(* Let $Z_1,\dots,Z_n$ be independent with $Z_i\sim N(\mu_i,1)$, $\mu_i\ge0$, $r_i=\mathbf 1(\mu_i>0)$, $p_i=1-\Phi(Z_i)$. Let $\alpha,\beta\in(0,1)$ and let $M_1\subset M_2\subset\dots\subset M_n$ be a fixed (non-random) nested sequence of subsets of $\{1,\dots,n\}$ with $|M_k|=k$. Consider the test that rejects iff there exists $k\in\{1,\dots,n\}$ with $\sum_{i\in M_k}h(p_i)>C_k^\alpha k^{1/2}$. Let $S_i(1)=\mathbb P(h(p_i)=1\mid r_i=1,\{M_k\}_{k=1}^n)$ and $S_i(0)=\mathbb P(h(p_i)=1\mid r_i=0,\{M_k\}_{k=1}^n)$. Then the test has power at least $1-\beta$ if $$\exists k\in\{1,\dots,n\}:\ \sum_{i\in M_k}\big(r_i(2S_i(1)-1)+(1-r_i)(2S_i(0)-1)\big)\ge\big(C_k^\alpha+C_k^\beta\big)k^{1/2},$$ and its power is less than $1-\beta$ if $$\forall k\in\{1,\dots,n\}:\ \sum_{i\in M_k}\big(r_i(2S_i(1)-1)+(1-r_i)(2S_i(0)-1)\big)\le\big(C_k^\alpha-C_k^{1-\beta}\big)k^{1/2}.$$
   Context: $\Phi$ is the standard Gaussian CDF; $h(p)=2\cdot\mathbf 1\{p<0.5\}-1$. For $\gamma\in(0,1)$, $k\ge1$: $C_k^\gamma=1.7\sqrt{\log\log(2k)+0.72\log\frac{5.2}{\gamma}}$. Power is the probability of rejection. *)

theory Defs
  imports "HOL-Probability.Probability"
begin

definition Phi :: "real \<Rightarrow> real" where
  "Phi x = measure (density lborel std_normal_density) {..x}"
(* Let $\rho_{ABC}$ be a state on $H_A\otimes H_B\otimes H_C$ with $\dim H_X=d_X$, and for $X\in\{A,B,C\}$ let $\{E^X_{\alpha,k}\}$ be an informationally complete $(N_X,M_X)$ POVM on $H_X$ with parameter $x_X$. Write $K_X=\frac{(d_X-1)(d_X^2+M_X^2x_X)}{d_XM_X(M_X-1)}$. Let $\mu,\nu\in\mathbb{R}$ and $l$ a positive integer. If $\rho_{ABC}=\sum_ip_i\rho^A_i\otimes\rho^B_i\otimes\rho^C_i$ is fully separable, then simultaneously $$\|\mathscr{M}^l_{\mu,\nu}(\rho_{A|BC})\|_{\mathrm{tr}}\le\sqrt{(l\mu^2+K_A)(l\nu^2+K_BK_C)},$$ $$\|\mathscr{M}^l_{\mu,\nu}(\rho_{B|AC})\|_{\mathrm{tr}}\le\sqrt{(l\mu^2+K_B)(l\nu^2+K_AK_C)},$$ $$\|\mathscr{M}^l_{\mu,\nu}(\rho_{C|AB})\|_{\mathrm{tr}}\le\sqrt{(l\mu^2+K_C)(l\nu^2+K_AK_B)}.$$ Consequently, if $\rho_{ABC}$ violates any one of these inequalities, it is not fully separable.
   Context: An $(N,M)$ POVM on $\mathbb{C}^d$ ($M\ge2$) consists of $N$ POVMs $\{E_{\alpha,k}\mid k=1,\dots,M\}$ satisfying $\mathrm{tr}(E_{\alpha,k})=d/M$, $\mathrm{tr}(E_{\alpha,k}^2)=x$, $\mathrm{tr}(E_{\alpha,k}E_{\alpha,l})=\frac{d-Mx}{M(M-1)}$ ($l\ne k$), $\mathrm{tr}(E_{\alpha,k}E_{\beta,l})=d/M^2$ ($\beta\ne\alpha$), where $\frac{d}{M^2}<x\le\min\{\frac{d^2}{M^2},\frac dM\}$; informationally complete means $N(M-1)=d^2-1$. Fully separable: a convex combination ($p_i\ge0$, $\sum p_i=1$) of tensor products of local density matrices. For the bipartition $X|YZ$ (where $\{X,Y,Z\}=\{A,B,C\}$): let $\rho_X$ and $\rho_{YZ}$ be the reduced states; $\tau_X$ is the column vector with entries $\mathrm{tr}(E^X_{\alpha,k}\rho_X)$; $\sigma_{YZ}$ is the column vector with entries $\mathrm{tr}[(E^Y_{\beta,j}\otimes E^Z_{\gamma,n})\rho_{YZ}]$ indexed by $(\beta,j,\gamma,n)$; $\mathcal{P}(\rho_{X|YZ})$ is the matrix with entries $\mathrm{tr}[(E^X_{\alpha,k}\otimes E^Y_{\beta,j}\otimes E^Z_{\gamma,n})\rho_{ABC}]$ (tensor factors placed in the order of the actual subsystems) with row index $(\alpha,k)$ and column index $(\beta,j,\gamma,n)$, all indices in lexicographic order. Then $$\mathscr{M}^l_{\mu,\nu}(\rho_{X|YZ})=\begin{pmatrix}\mu\nu J_{l\times l}&\mu\,\omega_l(\sigma_{YZ})^T\\ \nu\,\omega_l(\tau_X)&\mathcal{P}(\rho_{X|YZ})\end{pmatrix},$$ where $J_{l\times l}$ is the $l\times l$ all-ones matrix and $\omega_l(V)=(V,\dots,V)$ is the matrix with $l$ columns equal to the column vector $V$. $\|G\|_{\mathrm{tr}}=\mathrm{tr}\sqrt{G^\dagger G}$. *)

theory Defs
  imports "Jordan_Normal_Form.Schur_Decomposition"
begin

====

• WHAT IS NEEDED: Nothing but an exact copy of the lines from the start of the entries through the line containing "x = measure" belongs in the response.

• SOLVED PROBLEM:
(* Let $Z_1,\dots,Z_n$ be independent with $Z_i\sim N(\mu_i,1)$, $\mu_i\ge0$, $r_i=\mathbf 1(\mu_i>0)$, $p_i=1-\Phi(Z_i)$. Let $\alpha,\beta\in(0,1)$ and let $M_1\subset M_2\subset\dots\subset M_n$ be a fixed (non-random) nested sequence of subsets of $\{1,\dots,n\}$ with $|M_k|=k$. Consider the test that rejects iff there exists $k\in\{1,\dots,n\}$ with $\sum_{i\in M_k}h(p_i)>C_k^\alpha k^{1/2}$. Let $S_i(1)=\mathbb P(h(p_i)=1\mid r_i=1,\{M_k\}_{k=1}^n)$ and $S_i(0)=\mathbb P(h(p_i)=1\mid r_i=0,\{M_k\}_{k=1}^n)$. Then the test has power at least $1-\beta$ if $$\exists k\in\{1,\dots,n\}:\ \sum_{i\in M_k}\big(r_i(2S_i(1)-1)+(1-r_i)(2S_i(0)-1)\big)\ge\big(C_k^\alpha+C_k^\beta\big)k^{1/2},$$ and its power is less than $1-\beta$ if $$\forall k\in\{1,\dots,n\}:\ \sum_{i\in M_k}\big(r_i(2S_i(1)-1)+(1-r_i)(2S_i(0)-1)\big)\le\big(C_k^\alpha-C_k^{1-\beta}\big)k^{1/2}.$$
   Context: $\Phi$ is the standard Gaussian CDF; $h(p)=2\cdot\mathbf 1\{p<0.5\}-1$. For $\gamma\in(0,1)$, $k\ge1$: $C_k^\gamma=1.7\sqrt{\log\log(2k)+0.72\log\frac{5.2}{\gamma}}$. Power is the probability of rejection. *)

theory Defs
  imports "HOL-Probability.Probability"
begin

definition Phi :: "real \<Rightarrow> real" where
  "Phi x = measure (density lborel std_normal_density) {..x}"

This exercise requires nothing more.